Fifteen of the Aβ-positive subjects had [11C]AZD2184 binding above the threshold in striatum, 14 in thalamus, 9 in entorhinal cortex, 6 in amygdala, and 5 in hippocampus (Fig. 2). A majority of Aβ-positive subjects thus displayed [11C]AZD2184 binding above threshold in striatum, thalamus, and entorhinal cortex.
A hierarchical sequence of apparently earlier Aβ appearance in isocortex (Aβ-positive in all cases by definition) could be described for the pairwise comparisons between isocortex and all other regions, however the differences in the numbers of observations were small, especially for striatum and thalamus.
Pairwise comparison of striatum and thalamus further showed that, although there were more cases with Aβ in striatum than cases with Aβ in thalamus, there was no consistent hierarchical sequence in Aβ appearance between the two regions (1 case displayed Aβ in thalamus but not in striatum). Aβ could thus be displayed in striatum or thalamus in all 16 Aβ-positive subjects.
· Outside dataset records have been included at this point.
(* Let $\boldsymbol{\varphi}:\mathbb{R}^D\to\mathbb{R}^Y$ be a random feature map utilizing $Y$ random projections $\{\varphi_\alpha\}_{\alpha=1}^Y$, and let $\boldsymbol{\xi}^1,\dots,\boldsymbol{\xi}^K\in\mathbb{R}^D$ be $K$ memories. The random-feature based Distributed-representation Dense Associative Memory (DrDAM), implemented as described in the context (first ProcMems to form $\mathbf{T}$, then $L$ gradient steps each computed by GradComp), takes $O\big(D(YK+L(Y+D))\big)$ time and $O(Y+D)$ peak memory to perform $L$ energy gradient descent steps $\mathbf{x}^{(t)}=\mathbf{x}^{(t-1)}-\eta^{(t-1)}\nabla_{\mathbf{x}}\hat E(\mathbf{x}^{(t-1)})$, $t=1,\dots,L$, with the random-feature based approximate gradient $\nabla_{\mathbf{x}}\hat E$.
   Context: Setting: $\mathbf{g}:\mathbb{R}^D\to\mathbb{R}^D$ is a differentiable vector function, $Q$ a differentiable scalar function, $\eta^{(t)}>0$ step sizes. Each random feature $\varphi_\alpha$ is determined by a random projection vector $\boldsymbol{\omega}^\alpha\in\mathbb{R}^D$ and evaluated as a scalar function of $\langle\boldsymbol{\omega}^\alpha,\mathbf{x}\rangle$; the random vectors are generated from a random number generator with fixed seed $\tau$ and regenerated on demand. The distributed memory is $\mathbf{T}=\sum_{\mu=1}^K\boldsymbol{\varphi}(\boldsymbol{\xi}^\mu)\in\mathbb{R}^Y$, the approximate energy is $\hat E(\mathbf{x})=-Q(\langle\mathbf{T},\boldsymbol{\varphi}(\mathbf{g}(\mathbf{x}))\rangle)$ with gradient $\nabla_{\mathbf{x}}\hat E = -Q'(\langle\boldsymbol{\varphi}(\mathbf{g}(\mathbf{x})),\mathbf{T}\rangle)\big(\frac{d\boldsymbol{\varphi}(\mathbf{z})}{d\mathbf{z}}\big|_{\mathbf{z}=\mathbf{g}(\mathbf{x})}^\top\mathbf{T}\big)\frac{d\mathbf{g}(\mathbf{x})}{d\mathbf{x}}$. Subroutines: RF$(\tau,\boldsymbol{\xi})$ resets the generator to seed $\tau$ and, for $\alpha=1,\dots,Y$, samples $\varphi_\alpha$ and sets $p_\alpha\gets\varphi_\alpha(\boldsymbol{\xi})$, returning $\mathbf{p}$. ProcMems: $\mathbf{T}\gets 0_Y$, then for each $\mu$, $\mathbf{T}\gets\mathbf{T}+\mathrm{RF}(\tau,\boldsymbol{\xi}^\mu)$. GradComp$(\tau,\mathbf{T},\mathbf{x})$: $\mathbf{p}\gets\mathrm{RF}(\tau,\mathbf{g}(\mathbf{x}))$; for $i=1..D$, $z_i\gets\langle \partial\boldsymbol{\varphi}(\mathbf{y})/\partial y_i|_{\mathbf{y}=\mathbf{g}(\mathbf{x})},\mathbf{T}\rangle$; for $i=1..D$, $z'_i\gets\langle\partial\mathbf{g}(\mathbf{x})/\partial x_i,\mathbf{z}\rangle$; return $-Q'(\langle\mathbf{T},\mathbf{p}\rangle)\,\mathbf{z}'$. Complexity counts arithmetic operations and stored real numbers, with sampling a scalar random number, evaluating scalar elementary functions, and evaluating an entry of $\mathbf{g}$ or its Jacobian at unit cost. *)

theory Defs
  imports Complex_Main "HOL-Library.Monad_Syntax"
begin

text \<open>State of the abstract machine: elapsed time (number of unit-cost operations),
  currently live stored reals, peak number of live stored reals, and the state of the
  seeded random number generator (current seed and position in its stream).\<close>

record cst =
  tm   :: nat
  live :: nat
  peak :: nat
  seed :: nat
  pos  :: nat

type_synonym 'a M = "cst \<Rightarrow> 'a \<times> cst"

definition init_st :: cst where
  "init_st = \<lparr>tm = 0, live = 0, peak = 0, seed = 0, pos = 0\<rparr>"

definition retM :: "'a \<Rightarrow> 'a M" where
  "retM a = (\<lambda>s. (a, s))"

definition bindM :: "'a M \<Rightarrow> ('a \<Rightarrow> 'b M) \<Rightarrow> 'b M" where
  "bindM m f = (\<lambda>s. case m s of (a, s') \<Rightarrow> f a s')"

adhoc_overloading Monad_Syntax.bind \<rightleftharpoons> bindM

definition tick :: "cst \<Rightarrow> cst" where
  "tick s = s\<lparr>tm := tm s + 1\<rparr>"

definition addM :: "real \<Rightarrow> real \<Rightarrow> real M" where "addM a b = (\<lambda>s. (a + b, tick s))"
definition subM :: "real \<Rightarrow> real \<Rightarrow> real M" where "subM a b = (\<lambda>s. (a - b, tick s))"
definition mulM :: "real \<Rightarrow> real \<Rightarrow> real M" where "mulM a b = (\<lambda>s. (a * b, tick s))"
definition negM :: "real \<Rightarrow> real M" where "negM a = (\<lambda>s. (- a, tick s))"
definition elemM :: "(real \<Rightarrow> real) \<Rightarrow> real \<Rightarrow> real M" where
  "elemM f t = (\<lambda>s. (f t, tick s))"
definition gentM :: "((nat \<Rightarrow> real) \<Rightarrow> nat \<Rightarrow> real) \<Rightarrow> (nat \<Rightarrow> real) \<Rightarrow> nat \<Rightarrow> real M" where
  "gentM g x j = (\<lambda>s. (g x j, tick s))"
definition jentM :: "((nat \<Rightarrow> real) \<Rightarrow> nat \<Rightarrow> nat \<Rightarrow> real) \<Rightarrow> (nat \<Rightarrow> real) \<Rightarrow> nat \<Rightarrow> nat \<Rightarrow> real M" where
  "jentM Jg x j i = (\<lambda>s. (Jg x j i, tick s))"

text \<open>The seeded generator: \<open>rng \<tau> k\<close> is the k-th number of the stream with seed \<open>\<tau>\<close>.\<close>
definition sampleM :: "(nat \<Rightarrow> nat \<Rightarrow> real) \<Rightarrow> real M" where
  "sampleM rng = (\<lambda>s. (rng (seed s) (pos s), (tick s)\<lparr>pos := pos s + 1\<rparr>))"
definition resetM :: "nat \<Rightarrow> unit M" where
  "resetM \<tau> = (\<lambda>s. ((), (tick s)\<lparr>seed := \<tau>, pos := 0\<rparr>))"

text \<open>Allocation of n reals (initialised, costing n time units) and freeing.\<close>
definition allocM :: "nat \<Rightarrow> unit M" where
  "allocM n = (\<lambda>s. ((), s\<lparr>tm := tm s + n, live := live s + n,
                          peak := max (peak s) (live s + n)\<rparr>))"
definition freeM :: "nat \<Rightarrow> unit M" where
  "freeM n = (\<lambda>s. ((), s\<lparr>live := live s - n\<rparr>))"

primrec forM :: "nat list \<Rightarrow> (nat \<Rightarrow> 'a \<Rightarrow> 'a M) \<Rightarrow> 'a \<Rightarrow> 'a M" where
  "forM [] f a = retM a"
| "forM (i # is) f a = bindM (f i a) (forM is f)"

section \<open>The DrDAM algorithm (vectors are \<open>nat \<Rightarrow> real\<close>, indices 0-based)\<close>

definition sample_vec :: "(nat \<Rightarrow> nat \<Rightarrow> real) \<Rightarrow> nat \<Rightarrow> (nat \<Rightarrow> real) M" where
  "sample_vec rng D = forM [0..<D] (\<lambda>i w. do { r \<leftarrow> sampleM rng; retM (w(i := r)) }) (\<lambda>_. 0)"

definition dotp :: "nat \<Rightarrow> (nat \<Rightarrow> real) \<Rightarrow> (nat \<Rightarrow> real) \<Rightarrow> real M" where
  "dotp n a b = forM [0..<n] (\<lambda>i acc. do { m \<leftarrow> mulM (a i) (b i); addM acc m }) 0"

text \<open>RF: feature alpha is \<open>s \<alpha> \<langle>\<omega>\<^sup>\<alpha>, \<xi>\<rangle>\<close>; returns p (Y reals, to be freed by the caller).\<close>
definition RF :: "(nat \<Rightarrow> nat \<Rightarrow> real) \<Rightarrow> nat \<Rightarrow> nat \<Rightarrow> (nat \<Rightarrow> real \<Rightarrow> real)
    \<Rightarrow> nat \<Rightarrow> (nat \<Rightarrow> real) \<Rightarrow> (nat \<Rightarrow> real) M" where
  "RF rng D Y s \<tau> \<xi> = do {
     resetM \<tau>; allocM Y; allocM D;
     p \<leftarrow> forM [0..<Y] (\<lambda>\<alpha> p. do {
            w \<leftarrow> sample_vec rng D;
            u \<leftarrow> dotp D w \<xi>;
            v \<leftarrow> elemM (s \<alpha>) u;
            retM (p(\<alpha> := v)) }) (\<lambda>_. 0);
     freeM D;
     retM p }"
In addition, although there were more cases with Aβ in entorhinal cortex than in hippocampus, no consistent hierarchy in Aβ appearance could be discerned between these two regions either (1 case displayed Aβ in hippocampus but not in entorhinal cortex). Aβ could thus be displayed in allocortical regions (entorhinal cortex or hippocampus) in 10 of the Aβ-positive subjects.
Mean white matter [11C]AZD2184 binding was slightly higher in Aβ-positive subjects compared to the total sample (Table 2), and 60% higher (mean BPND = 0.24) than in Aβ-negative subjects (mean BPND = 0.15). The difference between Aβ-positive and Aβ-negative subjects was, however, statistically non-significant (p = 0.21).
Another observation was that, in contrast to the separation of [11C]AZD2184 binding in isocortex into an Aβ-negative and an Aβ-positive group, no clear separation between the Aβ-negative and Aβ-positive groups could be observed in the subcortical regions (Fig. 2). Instead, [11C]AZD2184 binding in the Aβ-negative and Aβ-positive groups overlapped in subcortical regions, primarily because of BPND values below the threshold in some Aβ-positive subjects. In addition, BPND values above the threshold were observed in thalamus and in white matter in some of the Aβ-negative subjects.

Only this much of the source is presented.